Of course, these aren’t the only problems arising from the EPA mandates. There are a host of limitations standing in the way of implementing Biden’s plan.

It’s delusional to think that we are producing sufficient supplies of metals and minerals to meet this level of growth in demand, especially when the government refuses to permit new domestic mines. Just last January, the Biden administration canceled two federal mineral leases that would have produced copper and nickel —  both essential components of EVs — in Minnesota.

Mixing domestic permit refusals with increasingly strict mandates means automakers must rely on China and other foreign nations for the materials needed to manufacture EVs and their batteries. But it’s not clear that senior Biden administration officials are even aware of the stresses they impose by mandating EVs while restricting domestic mineral production.

When questioned by former Interior Secretary and now Montana U.S. Rep. Ryan Zinke during congressional hearings, U.S. Interior Secretary Deb Haaland seemed largely unaware of any but the most rudimentary details associated with the domestic production of strategic minerals.

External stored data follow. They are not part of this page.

section \<open>Families of words with small pairwise agreement\<close>

lemma exists_independent_dominating_subset:
  assumes "finite U" "\<And>x. x \<in> U \<Longrightarrow> R x x" "\<And>x y. R x y \<Longrightarrow> R y x"
  shows "\<exists>F\<subseteq>U. (\<forall>f\<in>F. \<forall>g\<in>F. f \<noteq> g \<longrightarrow> \<not> R f g) \<and> (\<forall>g\<in>U. \<exists>f\<in>F. R f g)"
  using assms
proof (induction U rule: finite_induct)
  case (insert x U)
  then obtain F where F: "F \<subseteq> U" "\<forall>f\<in>F. \<forall>g\<in>F. f \<noteq> g \<longrightarrow> \<not> R f g" "\<forall>g\<in>U. \<exists>f\<in>F. R f g"
    by auto
  show ?case
  proof (cases "\<exists>f\<in>F. R f x")
    case True
    then show ?thesis using F by (intro exI[of _ F]) auto
  next
    case False
    show ?thesis
    proof (intro exI[of _ "insert x F"] conjI)
      show "\<forall>f\<in>insert x F. \<forall>g\<in>insert x F. f \<noteq> g \<longrightarrow> \<not> R f g"
        using F False insert.prems(2) by blast
      show "\<forall>g\<in>insert x U. \<exists>f\<in>insert x F. R f g"
        using F insert.prems(1) by auto
    qed (use F in auto)
  qed
qed auto

definition agreement :: "nat \<Rightarrow> (nat \<Rightarrow> nat) \<Rightarrow> (nat \<Rightarrow> nat) \<Rightarrow> nat" where
  "agreement K f g = card {k\<in>{..<K}. f k = g k}"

Haaland was able to do little more than repeatedly respond “Thank you for the information” when pressed by Zinke on her understanding of the strategic value of domestic mining for critical minerals.

Range anxiety concerns also compound the problems with Biden’s mandates because Americans can’t rely on electric vehicles to get them where they need to go. Even worse, Biden’s green energy policies aimed at propping up reliably unreliable energy sources like wind and solar are actively designing instability into the very electric grid that will be required to charge tens of millions of new EVs. Grid watchdogs warn of “insufficient electricity supplies during peak” conditions and place the blame for the growing fragility of the grid on the rushed and “disorderly retirement” of reliable fossil and nuclear power plants.

If all these limitations on Biden’s plans weren’t sufficient, we have more than sufficient reason to question whether the instability, costs, and trouble are even needed. The New York Times admits the Biden plan will impose “some of the most stringent auto pollution limits in the world.” But EPA reporting indicates that “between 1970 and 2021, the combined emissions of the six common pollutants (PM2.5 and PM10, SO2, NOx, VOCs, CO and Pb) dropped by 78%.” The EPA also reports that “greenhouse gas emissions in 2021 (after accounting for sequestration from the land sector) were 16.3% below 2005 levels.”

The Biden administration’s plans to impose these strict new government controls over the American economy and consumer choice are pointless and intrusive. They will foist unreliable, expensive, and unnecessary transportation options on American consumers whether they want them or not, and they will do so to achieve, at best, questionable environmental goals.

Jason Hayes is director of energy and environmental policy at the Mackinac Center for Public Policy.